The 2026 Community Oncology Alliance (COA) Community Oncology Conference, held in Orlando, Florida, made one message clear: The era of data gathering is giving way to the era of doing. Across sessions covering lymphoma, prostate cancer, chronic myeloid leukemia (CML), and chimeric antigen receptor (CAR) T, the recurring question wasn’t, What works? It was, How do we actually deliver it here and now in the community?
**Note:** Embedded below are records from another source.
lemma transpose_add: "transpose (A + B) = transpose A + transpose (B::'a::semiring_1^'n^'m)"
  by (vector transpose_def)

lemma transpose_diff: "transpose (A - B) = transpose A - transpose (B::'a::ring_1^'n^'m)"
  by (vector transpose_def)

lemma transpose_neg: "transpose (- A) = - transpose (A::'a::ring_1^'n^'m)"
  by (vector transpose_def)

lemma transpose_zero [simp]: "transpose (0::'a::semiring_1^'n^'m) = 0"
  by (vector transpose_def)

lemma trace_zero [simp]: "trace (0::'a::semiring_1^'n^'n) = 0"
  by (simp add: trace_def)

lemma trace_neg: "trace (- A) = - trace (A::'a::ring_1^'n^'n)"
  by (simp add: trace_def sum_negf)

lemma trace_scaleR: "trace (c *\<^sub>R A) = c * trace (A::real^'n^'n)"
  by (simp add: trace_def sum_distrib_left)

lemmas matrix_ring_simps = matrix_add_ldistrib matrix_add_rdistrib matrix_diff_ldistrib
  matrix_diff_rdistrib matrix_neg_left matrix_neg_right matrix_scaleR_left matrix_scaleR_right
  transpose_add transpose_diff transpose_neg transpose_scalar matrix_transpose_mul

lemma matrix_inv_left:
  fixes A :: "real^'n^'n"
  assumes "invertible A" shows "matrix_inv A ** A = mat 1"
  using assms unfolding invertible_def matrix_inv_def by (rule someI2_ex) auto

lemma matrix_inv_right:
  fixes A :: "real^'n^'n"
  assumes "invertible A" shows "A ** matrix_inv A = mat 1"
  using assms unfolding invertible_def matrix_inv_def by (rule someI2_ex) auto

lemma matrix_inv_unique:
  fixes A B :: "real^'n^'n"
  assumes "A ** B = mat 1" shows "matrix_inv A = B"
proof -
  have "invertible A" using assms invertible_right_inverse by blast
  then have "matrix_inv A = matrix_inv A ** (A ** B)" using assms by simp
  also have "\<dots> = B" by (simp add: matrix_mul_assoc matrix_inv_left \<open>invertible A\<close>)
  finally show ?thesis .
qed

lemma matrix_mult3_entry:
  "((X::real^'n^'m) ** (Y::real^'p^'n) ** (Z::real^'q^'p)) $ i $ j
    = (\<Sum>a\<in>UNIV. \<Sum>b\<in>UNIV. X $ i $ a * Y $ a $ b * Z $ b $ j)"
  by (simp add: matrix_matrix_mult_def sum_distrib_right) (rule sum.swap)

lemma matrix_inv_diff:
  fixes A B :: "real^'n^'n"
  assumes A: "invertible A" and B: "invertible B"
  shows "matrix_inv B - matrix_inv A = matrix_inv B ** (A - B) ** matrix_inv A"
  using matrix_inv_left[OF B] matrix_inv_right[OF A]
  by (simp add: matrix_diff_ldistrib matrix_diff_rdistrib matrix_mul_assoc[symmetric])

lemma matrix_inv_transpose:
  fixes A :: "real^'n^'n"
  assumes "invertible A" shows "transpose (matrix_inv A) = matrix_inv (transpose A)"
  by (metis assms matrix_inv_left matrix_inv_unique matrix_transpose_mul transpose_mat)

section \<open>Positive (semi)definite matrices\<close>

lemma inner_congruence:
  fixes X :: "real^'a^'b" and A :: "real^'b^'b"
  shows "x \<bullet> ((transpose X ** A ** X) *v x) = (X *v x) \<bullet> (A *v (X *v x))"
proof -
  have "x \<bullet> (transpose X *v y) = (X *v x) \<bullet> y" for y
    by (metis dot_lmul_matrix inner_commute transpose_matrix_vector)
  then show ?thesis by (simp add: matrix_vector_mul_assoc[symmetric] matrix_mul_assoc[symmetric])
qed

lemma inner_symmetric_matrix:
  fixes M :: "real^'n^'n"
  assumes "transpose M = M" shows "x \<bullet> (M *v y) = (M *v x) \<bullet> y"
  by (metis assms dot_lmul_matrix inner_commute vector_transpose_matrix)

lemma psd_symmetric: "psd_mat M \<Longrightarrow> transpose M = M"
  by (simp add: psd_mat_def sym_mat_def)

lemma pd_symmetric: "pd_mat M \<Longrightarrow> transpose M = M"
  by (simp add: pd_mat_def sym_mat_def)

lemma pd_imp_psd: "pd_mat A \<Longrightarrow> psd_mat A"
  unfolding pd_mat_def psd_mat_def by (metis inner_zero_left less_le matrix_vector_mult_0_right order_refl)

lemma pd_mat_one: "pd_mat (mat 1 :: real^'n^'n)"
  by (simp add: pd_mat_def sym_mat_def)

lemma psd_add: "psd_mat A \<Longrightarrow> psd_mat B \<Longrightarrow> psd_mat (A + B)"
  by (simp add: psd_mat_def sym_mat_def transpose_add matrix_vector_mult_add_rdistrib inner_add_right)

lemma pd_add_psd: "pd_mat A \<Longrightarrow> psd_mat B \<Longrightarrow> pd_mat (A + B)"
  by (simp add: pd_mat_def psd_mat_def sym_mat_def transpose_add matrix_vector_mult_add_rdistrib
      inner_add_right add_pos_nonneg)

lemma psd_add_pd: "psd_mat A \<Longrightarrow> pd_mat B \<Longrightarrow> pd_mat (A + B)"
  using pd_add_psd[of B A] by (simp add: add.commute)

lemma psd_scaleR: "psd_mat A \<Longrightarrow> 0 \<le> c \<Longrightarrow> psd_mat (c *\<^sub>R A)"
  by (simp add: psd_mat_def sym_mat_def transpose_scalar scaleR_matrix_vector_assoc[symmetric])

lemma pd_scaleR: "pd_mat A \<Longrightarrow> 0 < c \<Longrightarrow> pd_mat (c *\<^sub>R A)"
  by (simp add: pd_mat_def sym_mat_def transpose_scalar scaleR_matrix_vector_assoc[symmetric])

lemma psd_congruence:
  fixes X :: "real^'a^'b" and A :: "real^'b^'b"
  shows "psd_mat A \<Longrightarrow> psd_mat (transpose X ** A ** X)"
  unfolding psd_mat_def sym_mat_def by (simp add: inner_congruence matrix_transpose_mul matrix_mul_assoc)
Bispecifics in Lymphoma: From Trials to Playbooks

Bringing bispecifics and CAR T therapies into community settings was a central focus of COA 2026, with a push to move these therapies beyond academic centers and into practices closer to patients at a lower cost. In the context of lymphoma specifically, pharmacists shared how their institutions approached formulary evaluation, outpatient workflows, and financial considerations, revealing the growing confidence and creativity of pharmacists leading bispecific adoption across diverse care settings. The message from the floor was direct: Start with 1 drug and 1 patient, build the protocol, and own the process. Waiting for perfect infrastructure is no longer acceptable when patients need access today.

CAR T: Science Has Outpaced Access

CAR T-cell therapy was a thread running through multiple sessions, and the tension between clinical promise and real-world delivery was palpable. CAR T has traditionally been confined to bone marrow transplant units at academic hospitals, but that is changing as experience grows and logistics improve, with the manufacturing process now taking roughly half the time it once did. Yet payers, staffing gaps, and hospital partnerships continue to shape the feasibility of timely community access. The conference framed this not as a reason to pause, but as an operational challenge demanding structured solutions—credentialing pathways, artificial intelligence–enabled symptom monitoring for cytokine release syndrome and immune effector cell-associated neurotoxicity syndrome, and clearer reimbursement models.

Prostate Cancer: Coordination as a Clinical Strategy

At the COA meeting, pharmacists discussed the prostate cancer landscape, emphasizing structured communication among oncologists and other specialists to ensure guideline-driven, coordinated care. With treatment algorithms expanding to include androgen receptor pathway inhibitors, PARP inhibitors, and radioligand therapies such as lutetium-177, the pharmacist’s role in sequencing, educating patients about adverse effects, and aligning with the care team was front and center—not as a support function, but as a driver of outcomes.

CML: The Persistence Problem

COA 2026 sessions on CML examined available tyrosine kinase inhibitors and how to successfully administer these therapies, with in-house specialty pharmacy models emerging as a key strategy for routing oral oncolytic prescriptions and keeping patients engaged. Treatment-free remission is increasingly achievable, but only when adherence infrastructure matches clinical ambition.

The 2026 COA conference left attendees with a clear mandate: The therapies exist, and the evidence is there—now build the systems to deliver them.